Неужели у тебя есть сестра?
Есть… А по-твоему, мы должны были вместе с Агне… в один вагон с той самой Агне, которую меня… ты знаешь…
А я боюсь! Я всего боюсь, Ауримас… после того, как умер папа… всего на свете, всего, всего…
Знаю, а Казис?
О! Ему, Ауримас, надо прочитать целую гору бумаг. Сегодня надо, и завтра надо, и послезавтра. А еще он сказал, что будет война и всех вроде нас ждет…
Но он же обещал… он должен был… он обязан…
Ты просто младенец, Ауримас. С ума сойти, какой ты еще младенец! И знаешь что — если ты встретишь Даубараса… где-нибудь и когда-нибудь…
Самолеты, Мета! Немецкие самолеты! Бежим отсюда. Скорей!
О нет. Я каунасская, Аурис. Я здесь родилась. И поэтому…
Я тоже каунасский… ну и что? Немцу это все равно. Фашисту. И хоть Агне там, в том вагоне… учти, тебя они…
Нет, нет, нет! Никуда из Каунаса… слышишь? Ни на шаг.
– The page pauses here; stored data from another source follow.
(* Let $\{\epsilon_k\}$ be the sequence of penalty-barrier parameters produced by Algorithm LOG-DFL (defined in the context). Then $\lim_{k\to\infty}\epsilon_k=0$.
   Context: Problem data: $f:\mathbb{R}^n\to\mathbb{R}$, $g:\mathbb{R}^n\to\mathbb{R}^m$, $h:\mathbb{R}^n\to\mathbb{R}^q$ continuously differentiable; $l,u\in\mathbb{R}^n$ with $l<u$; $X=\{x: l\le x\le u\}$; $S_<=\{x: g(x)<0\}$; there is $x_0\in X\cap S_<$. Fix $\nu>1$. For $\epsilon>0$, $P(x;\epsilon)=f(x)-\epsilon\sum_{j=1}^m\log(-g_j(x))+\frac1\epsilon\sum_{j=1}^q|h_j(x)|^\nu$ if $x\in S_<$, and $P(x;\epsilon)=+\infty$ otherwise. $e^i$ is the $i$-th unit coordinate vector. Expansion Step$(\hat\alpha,y,p,\gamma)$ with parameter $\delta\in(0,1)$ (using the current parameter $\epsilon_k$): let $b$ be the largest $\beta\ge0$ with $y+\beta p\in X$; set $\alpha\leftarrow\hat\alpha$; repeat: $\check\alpha\leftarrow\min\{b,\alpha/\delta\}$; if $y+\check\alpha p\notin S_<$ return $\alpha$; else if $P(y+\check\alpha p;\epsilon_k)\le P(y;\epsilon_k)-\gamma\check\alpha^2$ set $\alpha\leftarrow\check\alpha$ and return if $\check\alpha=b$, else repeat; otherwise return $\alpha$. Algorithm LOG-DFL (parameters $\epsilon_0>0,\gamma>0,\theta\in(0,1),p>1,\delta\in(0,1)$, $\tilde\alpha_0^i>0$, $d_0^i=e^i$): for $k=0,1,\dots$: Step 1: set $y_k^1=x_k$. For $i=1,\dots,n$: (a) choose $\hat\alpha\in[0,\tilde\alpha_k^i]$ with $y_k^i+\hat\alpha d_k^i\in S_<\cap X$; if $\hat\alpha>0$ and $P(y_k^i+\hat\alpha d_k^i;\epsilon_k)\le P(y_k^i;\epsilon_k)-\gamma\hat\alpha^2$, let $\alpha_k^i$ be the output of the Expansion Step$(\hat\alpha,y_k^i,d_k^i,\gamma)$ and set $\tilde\alpha_{k+1}^i=\alpha_k^i$, $d_{k+1}^i=d_k^i$; (b) otherwise do the same with $-d_k^i$ in place of $d_k^i$, and on success set $\tilde\alpha_{k+1}^i=\alpha_k^i$, $d_{k+1}^i=-d_k^i$; (c) if neither succeeds set $\alpha_k^i=0$, $d_{k+1}^i=d_k^i$, $\tilde\alpha_{k+1}^i=\theta\tilde\alpha_k^i$. Then $y_k^{i+1}=y_k^i+\alpha_k^i d_{k+1}^i$. Step 2: let $(g_{\min})_k=\min_{i=1,\dots,n+1,\ \ell=1,\dots,m}|g_\ell(y_k^i)|$; if $\max_{i=1,\dots,n}\max\{\tilde\alpha_k^i,\alpha_k^i\}\le\min\{\epsilon_k^p,(g_{\min})_k^2\}$ set $\epsilon_{k+1}=\theta\epsilon_k$, else $\epsilon_{k+1}=\epsilon_k$. Step 3: choose any $x_{k+1}\in S_<\cap X$ with $P(x_{k+1};\epsilon_k)\le P(y_k^{n+1};\epsilon_k)$. *)

theory Defs
  imports "HOL-Analysis.Analysis"
begin

definition C1_fun :: "('a::real_normed_vector \<Rightarrow> 'b::real_normed_vector) \<Rightarrow> bool" where
  "C1_fun F \<longleftrightarrow> (\<exists>F'. (\<forall>x. (F has_derivative blinfun_apply (F' x)) (at x)) \<and> continuous_on UNIV F')"

definition box_set :: "real^'n \<Rightarrow> real^'n \<Rightarrow> (real^'n) set" where
  "box_set l u = {x. \<forall>i. l $ i \<le> x $ i \<and> x $ i \<le> u $ i}"

definition strict_feas :: "(real^'n \<Rightarrow> real^'m) \<Rightarrow> (real^'n) set" where
  "strict_feas g = {x. \<forall>j. g x $ j < 0}"

text \<open>Penalty-barrier function P(x;eps), with value +infinity outside S_<.
  The equality constraints are h_0,...,h_(q-1).\<close>
definition penalty ::
  "(real^'n \<Rightarrow> real) \<Rightarrow> (real^'n \<Rightarrow> real^'m) \<Rightarrow> nat \<Rightarrow> (nat \<Rightarrow> real^'n \<Rightarrow> real)
     \<Rightarrow> real \<Rightarrow> real \<Rightarrow> real^'n \<Rightarrow> ereal" where
  "penalty f g q h \<nu> \<epsilon> x =
     (if x \<in> strict_feas g
      then ereal (f x - \<epsilon> * (\<Sum>j\<in>UNIV. ln (- (g x $ j)))
                  + (1 / \<epsilon>) * (\<Sum>j<q. \<bar>h j x\<bar> powr \<nu>))
      else \<infinity>)"

definition max_step :: "real^'n \<Rightarrow> real^'n \<Rightarrow> real^'n \<Rightarrow> real^'n \<Rightarrow> real" where
  "max_step l u y p = Sup {\<beta>. 0 \<le> \<beta> \<and> y + \<beta> *\<^sub>R p \<in> box_set l u}"

text \<open>Expansion Step: expand Pf S l u delta gamma y p a r means that the repeat-loop,
  entered with current value alpha = a, returns r.  The output of
  Expansion Step(ahat,y,p,gamma) is the r with expand ... y p ahat r.\<close>
inductive expand ::
  "(real^'n \<Rightarrow> ereal) \<Rightarrow> (real^'n) set \<Rightarrow> real^'n \<Rightarrow> real^'n \<Rightarrow> real \<Rightarrow> real
     \<Rightarrow> real^'n \<Rightarrow> real^'n \<Rightarrow> real \<Rightarrow> real \<Rightarrow> bool"
  for Pf S l u \<delta> \<gamma> y p where
  exp_out: "ac = min (max_step l u y p) (a / \<delta>) \<Longrightarrow> y + ac *\<^sub>R p \<notin> S
     \<Longrightarrow> expand Pf S l u \<delta> \<gamma> y p a a"
| exp_fail: "ac = min (max_step l u y p) (a / \<delta>) \<Longrightarrow> y + ac *\<^sub>R p \<in> S
     \<Longrightarrow> \<not> (Pf (y + ac *\<^sub>R p) \<le> Pf y - ereal (\<gamma> * ac\<^sup>2))
     \<Longrightarrow> expand Pf S l u \<delta> \<gamma> y p a a"
| exp_bound: "ac = min (max_step l u y p) (a / \<delta>) \<Longrightarrow> y + ac *\<^sub>R p \<in> S
     \<Longrightarrow> Pf (y + ac *\<^sub>R p) \<le> Pf y - ereal (\<gamma> * ac\<^sup>2)
     \<Longrightarrow> ac = max_step l u y p
     \<Longrightarrow> expand Pf S l u \<delta> \<gamma> y p a ac"
| exp_step: "ac = min (max_step l u y p) (a / \<delta>) \<Longrightarrow> y + ac *\<^sub>R p \<in> S
     \<Longrightarrow> Pf (y + ac *\<^sub>R p) \<le> Pf y - ereal (\<gamma> * ac\<^sup>2)
     \<Longrightarrow> ac \<noteq> max_step l u y p
     \<Longrightarrow> expand Pf S l u \<delta> \<gamma> y p ac r
     \<Longrightarrow> expand Pf S l u \<delta> \<gamma> y p a r"

text \<open>Coordinates are processed in the order
  ix 0, ..., ix (n-1) (n = CARD('n)); inner index i = 0..n-1 corresponds to the
  paper's i = 1..n and y k i to the paper's y_k^(i+1).
  atil k i = tilde alpha_k^i, alpha k i = alpha_k^i, d k i = d_k^i, eps k = eps_k;
  ahp k i / ahn k i are the trial steps hat alpha chosen in (a) / (b).\<close>
definition logdfl_run ::
  "(real^'n \<Rightarrow> real) \<Rightarrow> (real^'n \<Rightarrow> real^'m) \<Rightarrow> nat \<Rightarrow> (nat \<Rightarrow> real^'n \<Rightarrow> real) \<Rightarrow> real
   \<Rightarrow> real^'n \<Rightarrow> real^'n
   \<Rightarrow> real \<Rightarrow> real \<Rightarrow> real \<Rightarrow> real \<Rightarrow> real \<Rightarrow> (nat \<Rightarrow> 'n)
   \<Rightarrow> (nat \<Rightarrow> real^'n) \<Rightarrow> (nat \<Rightarrow> real) \<Rightarrow> (nat \<Rightarrow> nat \<Rightarrow> real) \<Rightarrow> (nat \<Rightarrow> nat \<Rightarrow> real)
   \<Rightarrow> (nat \<Rightarrow> nat \<Rightarrow> real^'n) \<Rightarrow> (nat \<Rightarrow> nat \<Rightarrow> real^'n)
   \<Rightarrow> (nat \<Rightarrow> nat \<Rightarrow> real) \<Rightarrow> (nat \<Rightarrow> nat \<Rightarrow> real) \<Rightarrow> bool" where
  "logdfl_run f g q h \<nu> l u \<epsilon>0 \<gamma> \<theta> pe \<delta> ix x eps atil alpha d y ahp ahn \<longleftrightarrow>
   (let n = CARD('n); X = box_set l u; S = strict_feas g;
        P = (\<lambda>e. penalty f g q h \<nu> e) in
    x 0 \<in> X \<inter> S \<and> eps 0 = \<epsilon>0 \<and>
    (\<forall>i<n. atil 0 i > 0 \<and> d 0 i = axis (ix i) 1) \<and>
    (\<forall>k.
       y k 0 = x k \<and>
       (\<forall>i<n.
          (let Pk = P (eps k); yi = y k i; D = d k i; A = atil k i;
               succ = (\<lambda>a dir. 0 < a \<and> Pk (yi + a *\<^sub>R dir) \<le> Pk yi - ereal (\<gamma> * a\<^sup>2))
           in 0 \<le> ahp k i \<and> ahp k i \<le> A \<and> yi + ahp k i *\<^sub>R D \<in> S \<inter> X \<and>
              (if succ (ahp k i) D
               then expand Pk S l u \<delta> \<gamma> yi D (ahp k i) (alpha k i)
                    \<and> atil (Suc k) i = alpha k i \<and> d (Suc k) i = D
               else 0 \<le> ahn k i \<and> ahn k i \<le> A \<and> yi + ahn k i *\<^sub>R (- D) \<in> S \<inter> X \<and>
                    (if succ (ahn k i) (- D)
                     then expand Pk S l u \<delta> \<gamma> yi (- D) (ahn k i) (alpha k i)
                          \<and> atil (Suc k) i = alpha k i \<and> d (Suc k) i = - D
                     else alpha k i = 0 \<and> d (Suc k) i = D \<and> atil (Suc k) i = \<theta> * A))
              \<and> y k (Suc i) = yi + alpha k i *\<^sub>R d (Suc k) i)) \<and>
       eps (Suc k) =
         (if (MAX i\<in>{..<n}. max (atil k i) (alpha k i))
               \<le> min (eps k powr pe) ((Min {\<bar>g (y k i) $ j\<bar> | i j. i \<le> n})\<^sup>2)
          then \<theta> * eps k else eps k) \<and>
       x (Suc k) \<in> S \<inter> X \<and> P (eps k) (x (Suc k)) \<le> P (eps k) (y k n)))"

end

theory Submission
  imports Defs
begin

text \<open>The parameter \<open>\<epsilon>\<^sub>k\<close> is only ever kept or multiplied by \<open>\<theta> < 1\<close>, so if it does not
  tend to 0 it is eventually constant, say \<open>\<epsilon>\<close>. From then on every sweep lowers
  \<open>P(\<cdot>;\<epsilon>)\<close> by \<open>\<gamma>\<Sum>\<^sub>i(\<alpha>\<^sub>k\<^sup>i)\<^sup>2\<close>, and \<open>P(\<cdot>;\<epsilon>)\<close> is bounded below on the compact box, so the
  accepted steps \<open>\<alpha>\<^sub>k\<^sup>i\<close> and with them the tentative steps \<open>atil\<close> tend to 0. All
  points visited lie in one sublevel set of \<open>P(\<cdot>;\<epsilon>)\<close>, on which the log-barrier keeps every
  \<open>|g\<^sub>j|\<close> above a fixed \<open>c > 0\<close>. Hence the test of Step 2 eventually succeeds and \<open>\<epsilon>\<close> is
  reduced once more, a contradiction.\<close>

lemma box_set_eq_cbox: "box_set l u = cbox l u"
  by (auto simp: box_set_def mem_box_cart)

lemma compact_box_set: "compact (box_set l u)"
  by (simp add: box_set_eq_cbox)

lemma C1_fun_imp_continuous_on: "C1_fun F \<Longrightarrow> continuous_on A F"
  unfolding C1_fun_def
  by (meson continuous_at_imp_continuous_on has_derivative_continuous)

lemma max_step_nonneg_segment_in_box:
  fixes y p :: "real^'n"
  assumes y: "y \<in> box_set l u" and p: "p \<noteq> 0"
  shows "0 \<le> max_step l u y p"
    and "\<And>\<beta>. 0 \<le> \<beta> \<Longrightarrow> \<beta> \<le> max_step l u y p \<Longrightarrow> y + \<beta> *\<^sub>R p \<in> box_set l u"
proof -
  define B where "B = {\<beta>. 0 \<le> \<beta> \<and> y + \<beta> *\<^sub>R p \<in> cbox l u}"
  have y_cbox: "y \<in> cbox l u" using y by (simp add: box_set_eq_cbox)
  then have "0 \<in> B" by (simp add: B_def)
  obtain R where R: "\<forall>z\<in>cbox l u. norm z \<le> R"
    using compact_imp_bounded[OF compact_cbox] bounded_iff by blast
  have "bdd_above B"
  proof (rule bdd_aboveI)
    fix b assume "b \<in> B"
    then have "0 \<le> b" and "y + b *\<^sub>R p \<in> cbox l u" by (auto simp: B_def)
    then have "b * norm p \<le> R + norm y"
      using R norm_triangle_ineq4[of "y + b *\<^sub>R p" y] by force
    then show "b \<le> (R + norm y) / norm p" using p by (simp add: field_simps)
  qed
  moreover have "closed B"
  proof -
    have "B = {0..} \<inter> (\<lambda>\<beta>. y + \<beta> *\<^sub>R p) -` cbox l u" by (auto simp: B_def)
    moreover have "closed ((\<lambda>\<beta>::real. y + \<beta> *\<^sub>R p) -` cbox l u)"
      by (intro continuous_closed_vimage closed_cbox) (auto intro!: continuous_intros)
    ultimately show ?thesis by (simp add: closed_Int)
  qed
  ultimately have Sup_B: "Sup B \<in> B" "0 \<le> Sup B"
    using closed_contains_Sup cSup_upper \<open>0 \<in> B\<close> by blast+
  have max_step: "max_step l u y p = Sup B" by (simp add: max_step_def B_def box_set_eq_cbox)
  then show "0 \<le> max_step l u y p" using Sup_B by simp
  fix \<beta> assume \<beta>: "0 \<le> \<beta>" "\<beta> \<le> max_step l u y p"
  show "y + \<beta> *\<^sub>R p \<in> box_set l u"
  proof (cases "Sup B = 0")
    case True then show ?thesis using \<beta> max_step y by simp
  next
    case False
    define t where "t = \<beta> / Sup B"
    have t: "0 \<le> t" "t \<le> 1" using \<beta> max_step Sup_B False by (auto simp: t_def field_simps)
    have "y + \<beta> *\<^sub>R p = (1 - t) *\<^sub>R y + t *\<^sub>R (y + Sup B *\<^sub>R p)"
      using False by (simp add: t_def algebra_simps)
    moreover have "y + Sup B *\<^sub>R p \<in> cbox l u" using Sup_B by (simp add: B_def)
    ultimately show ?thesis
      using convexD[OF convex_box(1) y_cbox, of _ "1 - t" t] t by (simp add: box_set_eq_cbox)
  qed
qed

text \<open>The expanded step never exceeds the maximal feasible step \<open>b\<close>, hence stays in the box.\<close>
lemma expand_sufficient_decrease:
  assumes "expand Pf S l u \<delta> \<gamma> y p a r"
    and "Pf (y + a *\<^sub>R p) \<le> Pf y - ereal (\<gamma> * a\<^sup>2)" "0 \<le> a"
      "y + a *\<^sub>R p \<in> S" "y + a *\<^sub>R p \<in> box_set l u"
    and y: "y \<in> box_set l u" and p: "p \<noteq> 0" and \<delta>: "0 < \<delta>"
  shows "Pf (y + r *\<^sub>R p) \<le> Pf y - ereal (\<gamma> * r\<^sup>2) \<and> y + r *\<^sub>R p \<in> S
     \<and> y + r *\<^sub>R p \<in> box_set l u"
  using assms(1-5)
proof (induction rule: expand.induct)
  case (exp_bound ac a)
  then show ?case
    using max_step_nonneg_segment_in_box[OF y p] by auto
next
  case (exp_step ac a r)
  then have "0 \<le> ac" "ac \<le> max_step l u y p"
    using max_step_nonneg_segment_in_box(1)[OF y p] \<delta> by auto
  then show ?case
    using exp_step max_step_nonneg_segment_in_box(2)[OF y p] by auto
qed auto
Ну что ж! Прощай, прощай, танки — —
Это было уж слишком — вспомнить Мету, когда… Дурак! — выругал я себя, мысленно проскочив и войну, и первые послевоенные дни — перенесясь снова в ту ночь — в скользнувшую огненным пунктиром по зигзагам сознания ночь, от которой лишь крохи донес я до Крантялиса; ты — Ауримас, казалось, расслышал я; Ауримас останется здесь, бей, бей, бей, если веришь, что черепки… к счастью!..
…В конце-то концов, должны здесь быть сигареты!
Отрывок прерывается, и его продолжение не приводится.